Лаптев схватил в досаде кусок пирога и начал его убирать за обе щеки. Можно было, глядя на него, подумать, что он каждым куском давится или принимает отвратительное лекарство.
— Ну что тебе, жена, за охота знать, про что мы шептались? Плевое дело, да и до тебя совсем не касается.
— Коли плевое дело, так скажи какое.
— Я боюсь: ты проболтаешься да все расскажешь Наталье Петровне. Сохрани Господи!
— Никому не скажу; побожусь, если хочешь.
— Нет, не божись! Писание не велит божиться. Ну, уж так и быть. Давай вишневки! Перескажу тебе; только смотри: не проговорись.

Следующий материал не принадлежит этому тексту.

(* Let $\mathcal{A}=\{1,\dots,n\}$ be a set of agents connected by a directed chain $1\to 2\to\cdots\to n$. Each agent $i$ has a finite local strategy set $\mathcal{P}_i$, the sets $\mathcal{P}_1,\dots,\mathcal{P}_n$ pairwise disjoint, and an integer budget $\kappa_i\ge 1$. Let $\mathcal{P}=\bigcup_{i\in\mathcal{A}}\mathcal{P}_i$. Let $f:2^{\mathcal{P}}\to\mathbb{R}_{\ge 0}$ be normal ($f(\emptyset)=0$), monotone nondecreasing and submodular. Let $\mathcal{S}^\star$ be a maximizer of $f(\mathcal{S})$ over $\mathcal{I}=\{\mathcal{S}\subset\mathcal{P} : |\mathcal{S}\cap\mathcal{P}_i|\le\kappa_i \ \forall i\in\mathcal{A}\}$. The agents run the decentralized sequential greedy algorithm, in which each message transmission may fail. Agent $1$ starts from $\bar{\mathcal{S}}_0=\emptyset$. For $i\ge 2$, agent $i$ starts from the set $\bar{\mathcal{S}}_{i-1}$ if the message from agent $i-1$ was delivered, and from $\emptyset$ otherwise. Starting from this set, agent $i$ performs $\kappa_i$ greedy steps; in each step it adds to its current set an element $s\in\mathcal{P}_i$ not yet selected that maximizes the marginal gain $f(\text{current}\cup\{s\})-f(\text{current})$. Call the result $\bar{\mathcal{S}}_i$; agent $i$ then sends $\bar{\mathcal{S}}_i$ to agent $i+1$. The message from agent $i$ to agent $i+1$ is successfully delivered with probability $p_i$, for $i=1,\dots,n-1$. The output of the algorithm is $\bar{\mathcal{S}}=\bigcup_{i\in\mathcal{A}}\bar{\mathcal{S}}_i$. Let $\mathcal{W}(\mathcal{G}_I)$ denote the (random) clique number of the information graph $\mathcal{G}_I$ of the run. Then $$\mathbb{E}[f(\bar{\mathcal{S}})]\ \ge\ \alpha_p\, f(\mathcal{S}^\star),\qquad\text{where } \alpha_p=\sum_{l=1}^{n}\frac{1}{2+n-l}\,P\big(\mathcal{W}(\mathcal{G}_I)=l\big).$$
   Context: The information graph $\mathcal{G}_I$ of a run is the directed graph on $\mathcal{A}$ with an arc from agent $i$ to agent $j$ whenever agent $j$ has received agent $i$'s information, either directly or relayed through intermediate agents along the chain. Equivalently, there is an arc $i\to j$ for $i<j$ exactly when all messages $i\to i+1,\dots,j-1\to j$ were delivered. The clique number $\mathcal{W}(\mathcal{G}_I)$ is the size of the largest complete subgraph of the undirected version of $\mathcal{G}_I$. It equals one plus the length of the longest run of consecutive successfully delivered chain edges, and it equals $n$ when all messages are delivered. *)

theory Defs
  imports Complex_Main
begin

— Прежде скажи, а там и вишневки дам.
— Тьфу ты пропасть — скажи! Ну, все дело в том, что матушка Натальи Петровны попалась в лапы боярину Милославскому.
— Милославскому! Ахти, мои батюшки!
— Василий Петрович хочет ее выручить!
— Помоги ему Господи! Ну а еще что?
— Больше ничего!
— Да о чем же вы так долго шептались?
— Экая безотвязная!
Лаптев рассказал жене все подробности разговора его с Бурмистровым и заключил подтверждением, чтобы она не говорила ни полслова Наталье. Варвара Ивановна обещала крепко хранить тайну и пошла за вишневкой. Чтобы наградить мужа за его откровенность, принесла она полную кружку вместо половины.
Лаптев, которому забота не дала уснуть после обеда, немедленно пошел к дьяку Земского приказа и сказал еще раз, прощаясь с женою:
— Смотри же, не говори!
Вскоре после его ухода возвратилась домой Наталья с братом.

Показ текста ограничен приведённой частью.